◆ TASK ITEM
Some lines in the material below hold the word "longlonglongrightarrow". Copy all of them.

[LISTED ENTRIES — start]

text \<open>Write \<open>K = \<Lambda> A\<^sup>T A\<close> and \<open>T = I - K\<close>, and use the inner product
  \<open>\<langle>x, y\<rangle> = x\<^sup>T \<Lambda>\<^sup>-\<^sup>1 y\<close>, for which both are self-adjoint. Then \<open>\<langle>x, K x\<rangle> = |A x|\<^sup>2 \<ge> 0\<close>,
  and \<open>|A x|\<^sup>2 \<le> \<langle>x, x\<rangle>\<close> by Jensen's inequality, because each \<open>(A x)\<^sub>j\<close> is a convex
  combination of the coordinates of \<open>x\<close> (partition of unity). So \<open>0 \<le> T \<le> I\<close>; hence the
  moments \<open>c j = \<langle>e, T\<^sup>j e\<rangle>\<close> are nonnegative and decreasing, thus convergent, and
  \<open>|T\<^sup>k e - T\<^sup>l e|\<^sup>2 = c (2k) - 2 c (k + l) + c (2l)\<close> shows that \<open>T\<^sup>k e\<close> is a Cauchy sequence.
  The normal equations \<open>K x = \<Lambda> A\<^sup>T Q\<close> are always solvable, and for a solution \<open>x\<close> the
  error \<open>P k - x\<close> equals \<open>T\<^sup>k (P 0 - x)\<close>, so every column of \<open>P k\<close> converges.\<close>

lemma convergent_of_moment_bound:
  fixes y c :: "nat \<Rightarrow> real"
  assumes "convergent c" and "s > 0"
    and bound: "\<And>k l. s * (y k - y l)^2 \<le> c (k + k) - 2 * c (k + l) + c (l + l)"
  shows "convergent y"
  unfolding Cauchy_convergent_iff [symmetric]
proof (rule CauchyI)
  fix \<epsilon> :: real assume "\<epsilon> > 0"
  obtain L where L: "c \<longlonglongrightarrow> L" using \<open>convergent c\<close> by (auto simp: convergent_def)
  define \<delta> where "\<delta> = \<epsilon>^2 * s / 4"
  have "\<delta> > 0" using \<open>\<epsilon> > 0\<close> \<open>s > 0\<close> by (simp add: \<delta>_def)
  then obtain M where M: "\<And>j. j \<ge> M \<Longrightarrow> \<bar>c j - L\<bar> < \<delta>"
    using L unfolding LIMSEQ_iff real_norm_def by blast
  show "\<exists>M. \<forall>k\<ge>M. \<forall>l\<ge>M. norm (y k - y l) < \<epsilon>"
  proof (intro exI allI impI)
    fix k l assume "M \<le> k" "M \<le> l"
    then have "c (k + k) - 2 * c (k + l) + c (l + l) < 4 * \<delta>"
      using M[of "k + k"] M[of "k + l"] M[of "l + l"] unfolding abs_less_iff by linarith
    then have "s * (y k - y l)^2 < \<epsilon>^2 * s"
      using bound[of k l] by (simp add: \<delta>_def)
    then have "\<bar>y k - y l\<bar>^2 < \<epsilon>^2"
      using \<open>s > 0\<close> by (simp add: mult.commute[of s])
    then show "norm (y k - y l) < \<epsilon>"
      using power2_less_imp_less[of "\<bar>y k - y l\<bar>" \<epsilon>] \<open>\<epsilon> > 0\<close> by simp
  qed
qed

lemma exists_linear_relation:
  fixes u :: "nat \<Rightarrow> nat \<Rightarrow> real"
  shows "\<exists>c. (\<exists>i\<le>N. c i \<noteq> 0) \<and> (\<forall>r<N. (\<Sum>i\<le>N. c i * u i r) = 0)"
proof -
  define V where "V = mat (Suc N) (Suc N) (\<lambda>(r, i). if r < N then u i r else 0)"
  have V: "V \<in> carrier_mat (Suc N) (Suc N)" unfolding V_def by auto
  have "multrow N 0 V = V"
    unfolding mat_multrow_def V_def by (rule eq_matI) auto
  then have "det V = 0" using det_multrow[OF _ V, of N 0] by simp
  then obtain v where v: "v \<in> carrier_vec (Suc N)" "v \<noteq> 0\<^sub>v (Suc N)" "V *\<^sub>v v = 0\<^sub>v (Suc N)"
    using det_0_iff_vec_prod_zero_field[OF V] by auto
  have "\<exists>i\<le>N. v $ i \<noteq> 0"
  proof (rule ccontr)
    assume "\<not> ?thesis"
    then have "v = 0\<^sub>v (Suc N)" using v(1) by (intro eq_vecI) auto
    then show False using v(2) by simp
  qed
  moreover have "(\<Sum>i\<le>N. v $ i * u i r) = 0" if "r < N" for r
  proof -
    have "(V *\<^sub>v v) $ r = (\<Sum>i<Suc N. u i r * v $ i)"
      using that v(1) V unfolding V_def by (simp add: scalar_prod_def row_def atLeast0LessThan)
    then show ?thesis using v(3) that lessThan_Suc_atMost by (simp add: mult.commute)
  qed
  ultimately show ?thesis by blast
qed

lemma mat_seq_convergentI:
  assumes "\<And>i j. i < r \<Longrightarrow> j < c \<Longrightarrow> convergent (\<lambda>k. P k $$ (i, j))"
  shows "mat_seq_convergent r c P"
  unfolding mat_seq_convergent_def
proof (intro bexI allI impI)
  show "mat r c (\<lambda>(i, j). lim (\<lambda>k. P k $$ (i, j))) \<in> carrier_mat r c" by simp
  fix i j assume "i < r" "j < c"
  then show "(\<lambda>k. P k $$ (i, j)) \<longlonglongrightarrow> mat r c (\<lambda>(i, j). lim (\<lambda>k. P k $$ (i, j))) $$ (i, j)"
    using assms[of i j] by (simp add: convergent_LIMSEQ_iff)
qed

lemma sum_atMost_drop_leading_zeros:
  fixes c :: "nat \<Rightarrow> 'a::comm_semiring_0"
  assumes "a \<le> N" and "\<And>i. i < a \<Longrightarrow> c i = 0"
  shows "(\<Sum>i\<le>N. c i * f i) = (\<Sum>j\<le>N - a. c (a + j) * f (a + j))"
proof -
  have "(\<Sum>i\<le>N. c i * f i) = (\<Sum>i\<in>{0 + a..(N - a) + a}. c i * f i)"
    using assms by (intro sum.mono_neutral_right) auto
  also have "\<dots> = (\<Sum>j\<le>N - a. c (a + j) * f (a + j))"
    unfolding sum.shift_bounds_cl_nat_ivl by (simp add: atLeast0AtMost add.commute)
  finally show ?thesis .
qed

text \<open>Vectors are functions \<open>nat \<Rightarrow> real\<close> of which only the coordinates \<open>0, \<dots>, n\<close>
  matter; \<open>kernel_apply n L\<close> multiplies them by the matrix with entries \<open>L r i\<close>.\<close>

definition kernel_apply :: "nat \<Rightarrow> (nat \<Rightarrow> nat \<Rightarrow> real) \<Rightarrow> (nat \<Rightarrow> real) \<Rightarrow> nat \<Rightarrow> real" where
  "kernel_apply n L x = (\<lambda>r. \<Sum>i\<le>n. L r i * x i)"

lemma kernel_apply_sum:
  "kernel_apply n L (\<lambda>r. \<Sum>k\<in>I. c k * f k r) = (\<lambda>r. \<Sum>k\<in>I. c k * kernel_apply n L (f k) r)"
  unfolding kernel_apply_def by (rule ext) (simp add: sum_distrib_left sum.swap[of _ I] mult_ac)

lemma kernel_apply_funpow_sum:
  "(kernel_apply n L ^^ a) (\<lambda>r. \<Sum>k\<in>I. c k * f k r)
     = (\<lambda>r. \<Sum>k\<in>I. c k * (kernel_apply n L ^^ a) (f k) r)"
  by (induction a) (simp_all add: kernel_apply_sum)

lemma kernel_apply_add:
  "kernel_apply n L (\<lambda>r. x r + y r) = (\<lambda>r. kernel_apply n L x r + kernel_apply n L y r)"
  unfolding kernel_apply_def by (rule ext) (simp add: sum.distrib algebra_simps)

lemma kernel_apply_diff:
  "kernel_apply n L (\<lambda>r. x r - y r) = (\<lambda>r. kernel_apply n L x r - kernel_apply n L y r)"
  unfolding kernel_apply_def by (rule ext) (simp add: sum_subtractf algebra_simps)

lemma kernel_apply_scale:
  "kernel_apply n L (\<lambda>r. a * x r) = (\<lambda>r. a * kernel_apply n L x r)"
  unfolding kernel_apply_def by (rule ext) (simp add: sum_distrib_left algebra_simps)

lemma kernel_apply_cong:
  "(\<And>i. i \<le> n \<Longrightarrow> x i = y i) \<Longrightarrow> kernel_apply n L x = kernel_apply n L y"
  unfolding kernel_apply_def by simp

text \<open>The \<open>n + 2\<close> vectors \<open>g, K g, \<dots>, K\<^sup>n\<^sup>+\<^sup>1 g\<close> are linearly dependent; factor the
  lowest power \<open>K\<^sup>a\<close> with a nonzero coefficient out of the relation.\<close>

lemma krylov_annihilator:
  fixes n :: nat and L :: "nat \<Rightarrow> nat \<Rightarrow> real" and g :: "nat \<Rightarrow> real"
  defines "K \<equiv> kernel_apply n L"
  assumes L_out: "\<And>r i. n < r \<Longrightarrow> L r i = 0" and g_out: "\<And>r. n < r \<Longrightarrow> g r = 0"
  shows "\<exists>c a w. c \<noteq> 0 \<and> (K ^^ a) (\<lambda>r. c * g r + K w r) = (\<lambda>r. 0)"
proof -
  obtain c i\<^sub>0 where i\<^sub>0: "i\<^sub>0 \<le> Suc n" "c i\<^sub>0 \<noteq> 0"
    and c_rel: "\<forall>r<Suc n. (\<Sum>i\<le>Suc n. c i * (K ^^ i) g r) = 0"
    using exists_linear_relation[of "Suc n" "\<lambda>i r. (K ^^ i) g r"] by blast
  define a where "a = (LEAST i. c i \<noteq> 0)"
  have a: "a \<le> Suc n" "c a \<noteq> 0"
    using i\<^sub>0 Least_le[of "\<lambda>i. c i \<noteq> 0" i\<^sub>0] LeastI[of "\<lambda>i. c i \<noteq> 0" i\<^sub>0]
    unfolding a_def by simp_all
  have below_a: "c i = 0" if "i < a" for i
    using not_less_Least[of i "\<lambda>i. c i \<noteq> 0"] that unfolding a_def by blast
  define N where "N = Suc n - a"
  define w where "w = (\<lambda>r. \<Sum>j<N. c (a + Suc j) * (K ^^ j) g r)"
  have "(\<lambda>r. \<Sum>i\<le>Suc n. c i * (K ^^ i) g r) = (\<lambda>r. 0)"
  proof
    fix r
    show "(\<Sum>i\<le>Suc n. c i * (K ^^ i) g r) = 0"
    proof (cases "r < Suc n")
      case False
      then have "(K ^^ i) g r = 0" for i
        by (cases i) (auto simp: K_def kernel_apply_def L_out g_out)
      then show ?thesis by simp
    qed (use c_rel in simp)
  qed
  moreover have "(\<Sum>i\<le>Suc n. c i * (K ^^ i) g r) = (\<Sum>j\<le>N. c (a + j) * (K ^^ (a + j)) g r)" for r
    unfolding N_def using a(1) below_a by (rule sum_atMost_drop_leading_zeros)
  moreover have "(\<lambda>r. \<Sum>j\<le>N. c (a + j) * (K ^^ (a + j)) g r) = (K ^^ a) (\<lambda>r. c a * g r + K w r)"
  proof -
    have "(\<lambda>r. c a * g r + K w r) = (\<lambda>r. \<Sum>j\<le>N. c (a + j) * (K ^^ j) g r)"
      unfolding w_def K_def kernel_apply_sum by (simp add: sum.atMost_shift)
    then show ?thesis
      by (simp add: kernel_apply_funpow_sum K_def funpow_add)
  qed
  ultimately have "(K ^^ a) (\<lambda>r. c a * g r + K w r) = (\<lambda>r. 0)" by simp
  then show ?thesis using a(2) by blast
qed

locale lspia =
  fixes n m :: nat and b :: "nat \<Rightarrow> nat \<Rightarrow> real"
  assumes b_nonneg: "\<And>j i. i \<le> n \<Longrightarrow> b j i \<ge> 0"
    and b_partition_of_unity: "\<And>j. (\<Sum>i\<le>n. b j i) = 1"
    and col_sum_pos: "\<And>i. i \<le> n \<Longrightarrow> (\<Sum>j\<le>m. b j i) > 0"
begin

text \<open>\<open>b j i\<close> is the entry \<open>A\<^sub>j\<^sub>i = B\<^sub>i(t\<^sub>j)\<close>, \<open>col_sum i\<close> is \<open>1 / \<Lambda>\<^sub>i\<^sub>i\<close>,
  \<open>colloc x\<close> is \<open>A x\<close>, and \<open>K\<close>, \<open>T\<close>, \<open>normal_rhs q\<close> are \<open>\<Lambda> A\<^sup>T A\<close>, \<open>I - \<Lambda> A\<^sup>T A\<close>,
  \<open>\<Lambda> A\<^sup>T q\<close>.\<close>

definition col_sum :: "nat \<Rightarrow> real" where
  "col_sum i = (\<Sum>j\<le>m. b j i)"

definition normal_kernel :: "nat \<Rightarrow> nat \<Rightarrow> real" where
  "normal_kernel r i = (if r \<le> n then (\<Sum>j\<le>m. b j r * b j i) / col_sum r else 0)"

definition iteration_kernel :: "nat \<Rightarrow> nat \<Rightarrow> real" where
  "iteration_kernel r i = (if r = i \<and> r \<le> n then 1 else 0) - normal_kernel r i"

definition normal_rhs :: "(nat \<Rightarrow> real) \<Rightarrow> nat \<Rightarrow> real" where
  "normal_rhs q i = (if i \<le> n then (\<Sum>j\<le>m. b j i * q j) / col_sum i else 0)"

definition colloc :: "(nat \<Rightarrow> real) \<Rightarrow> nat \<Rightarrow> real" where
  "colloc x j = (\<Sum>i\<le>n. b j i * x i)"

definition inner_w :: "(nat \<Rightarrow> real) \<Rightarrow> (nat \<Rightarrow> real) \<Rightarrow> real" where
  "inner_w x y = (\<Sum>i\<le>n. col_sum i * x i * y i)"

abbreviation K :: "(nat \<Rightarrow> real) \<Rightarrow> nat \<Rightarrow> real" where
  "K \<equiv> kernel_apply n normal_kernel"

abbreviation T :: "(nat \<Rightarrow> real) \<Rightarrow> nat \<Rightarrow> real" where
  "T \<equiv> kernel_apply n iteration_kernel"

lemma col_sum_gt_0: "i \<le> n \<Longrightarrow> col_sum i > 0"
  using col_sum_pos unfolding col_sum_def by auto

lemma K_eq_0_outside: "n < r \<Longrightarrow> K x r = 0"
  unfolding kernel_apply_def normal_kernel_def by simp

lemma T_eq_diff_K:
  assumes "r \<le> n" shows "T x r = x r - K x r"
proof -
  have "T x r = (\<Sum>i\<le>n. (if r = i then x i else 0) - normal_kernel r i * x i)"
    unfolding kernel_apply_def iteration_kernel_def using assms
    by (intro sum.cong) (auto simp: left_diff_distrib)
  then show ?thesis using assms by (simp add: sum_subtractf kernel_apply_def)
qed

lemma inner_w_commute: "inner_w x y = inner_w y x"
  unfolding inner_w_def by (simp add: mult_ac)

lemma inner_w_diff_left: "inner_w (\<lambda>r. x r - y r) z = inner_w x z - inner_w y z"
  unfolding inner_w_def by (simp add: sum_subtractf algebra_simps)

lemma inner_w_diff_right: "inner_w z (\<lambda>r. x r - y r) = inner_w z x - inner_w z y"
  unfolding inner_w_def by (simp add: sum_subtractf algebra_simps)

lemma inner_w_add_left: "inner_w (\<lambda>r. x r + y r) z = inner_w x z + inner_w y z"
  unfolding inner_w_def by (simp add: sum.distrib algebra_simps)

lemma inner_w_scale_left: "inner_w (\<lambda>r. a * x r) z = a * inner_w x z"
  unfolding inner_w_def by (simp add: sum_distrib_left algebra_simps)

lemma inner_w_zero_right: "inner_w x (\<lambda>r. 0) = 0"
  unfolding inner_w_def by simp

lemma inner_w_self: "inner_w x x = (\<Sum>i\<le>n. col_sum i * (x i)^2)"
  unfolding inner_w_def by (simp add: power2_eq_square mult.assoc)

[LISTED ENTRIES — finish]

◆ ANSWER SECTION
  obtain L where L: "c \<longlonglongrightarrow> L" using \<open>convergent c\<close> by (auto simp: convergent_def)
  then show "(\<lambda>k. P k $$ (i, j)) \<longlonglongrightarrow> mat r c (\<lambda>(i, j). lim (\<lambda>k. P k $$ (i, j))) $$ (i, j)"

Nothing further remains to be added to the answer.